R Question

Got an error message when using summarise inside for loop

Having a list containing 244 data frames. This list is called d, and

looks like this.


year pos days sal
1 2009 A 31 2000
2 2009 B 60 4000
3 2009 C 10 600
4 2010 B 10 1000
5 2010 D 90 7000

I would like to group data by year, adding days and sal, and select pos where days is maximum in the group.

The result is like:

year pos days sal
1 2009 B 101 6600
2 2010 D 100 8000

I know how to do this when it comes to the case doing it to only one data frame.
I did it this way:

summarise(ygroup, pos = pos[which.max(days)], days = sum(days), sal = sum(sal))

But I want to do this same operation to the 244 data frames in the list d.
I tried this:

for(i in 1:244){
e[[i]]<-summarise(ygroup[[i]], pos = pos[which.max(days)], days = sum(days), sal = sum(sal))
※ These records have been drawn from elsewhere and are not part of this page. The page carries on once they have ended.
(* Let $\alpha\in\mathbb{N}$. Suppose $g:\mathbb{R}\to\mathbb{R}$ is such that $g^{(\tau)}$ is absolutely continuous on every compact interval for $\tau=0,\dots,\alpha-1$, and $g^{(\alpha)}\in L^2(\mathbb{R})$. Suppose further that \[ \|g\|_\alpha^*:=\sup_{I\subset\mathbb{R},\ |I|<\infty}\left(\sum_{\tau=0}^{\alpha-1}\left(\int_I g^{(\tau)}(x)\,\mathrm{d}x\right)^2+\int_I|g^{(\alpha)}(x)|^2\,\mathrm{d}x\right)^{1/2}<\infty, \] where the supremum is over intervals $I$ of finite length, and that, for some $\varepsilon\in(0,1)$, \[ \|g\|_{\alpha,\mathrm{decay}}:=\sup_{x\in\mathbb{R},\ \tau\in\{0,\dots,\alpha-1\}}\left|\mathrm{e}^{(1-\varepsilon)x^2/2}g^{(\tau)}(x)\right|<\infty. \] Then for every integer $n\geq 2$, with $T=\sqrt{\frac{2}{1-\varepsilon}\alpha\ln(n)}$, \[ \left|\int_\mathbb{R}g(x)\,\mathrm{d}x-Q_{n,T}^*(g)\right|\leq C\left(\|g\|_\alpha^*+\|g\|_{\alpha,\mathrm{decay}}\right)\frac{(\ln n)^{\alpha/2+1/4}}{n^\alpha}, \] where the constant $C$ is independent of $n$ and $g$ but depends on $\alpha$ and $\varepsilon$.
   Context: For $T>0$ and $n\in\mathbb{N}$, the trapezoidal rule is $Q_{n,T}^*(g)=\frac{2T}{n}\sum_{j=0}^{n-1}g(\xi_j^* )$ with $\xi_j^*=\frac{2T}{n}j-T$, $j=0,\dots,n-1$. *)

theory Defs
  imports "HOL-Analysis.Analysis"
begin

definition abs_cont_on :: "real set \<Rightarrow> (real \<Rightarrow> real) \<Rightarrow> bool" where
  "abs_cont_on S f \<longleftrightarrow>
     (\<forall>e>0. \<exists>\<delta>>0. \<forall>(m::nat) (a::nat \<Rightarrow> real) (b::nat \<Rightarrow> real).
        (\<forall>i<m. a i \<le> b i \<and> {a i..b i} \<subseteq> S) \<and>
        disjoint_family_on (\<lambda>i. {a i<..<b i}) {..<m} \<and>
        (\<Sum>i<m. b i - a i) < \<delta>
        \<longrightarrow> (\<Sum>i<m. \<bar>f (b i) - f (a i)\<bar>) < e)"

definition trap_rule :: "nat \<Rightarrow> real \<Rightarrow> (real \<Rightarrow> real) \<Rightarrow> real" where
  "trap_rule n T g = (2 * T / real n) * (\<Sum>j<n. g (2 * T / real n * real j - T))"

text \<open>The quantity under the supremum in the norm, for the finite interval [a,b];
  d \<tau> stands for the \<tau>-th derivative.\<close>
definition star_term :: "nat \<Rightarrow> (nat \<Rightarrow> real \<Rightarrow> real) \<Rightarrow> real \<Rightarrow> real \<Rightarrow> real" where
  "star_term \<alpha> d a b =
     sqrt ((\<Sum>\<tau><\<alpha>. (set_lebesgue_integral lborel {a..b} (d \<tau>))\<^sup>2)
           + set_lebesgue_integral lborel {a..b} (\<lambda>x. \<bar>d \<alpha> x\<bar>\<^sup>2))"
But this doesn't work, an error showing up.

Error: expecting a single value

(I think this part;
pos = pos[which.max(days)]
is making the problem, but I'm not that sure...)
How can I solve this...?

Any comments will be greatly appreciated! :)

Answer Source

We can use lapply with anonymous function call to loop over the list of data.frames ('d')

lapply(d, function(x) x %>% 
                       group_by(year) %>% 
                       summarise(pos = pos[which.max(days)], 
                                 days = sum(days), sal = sum(sal)))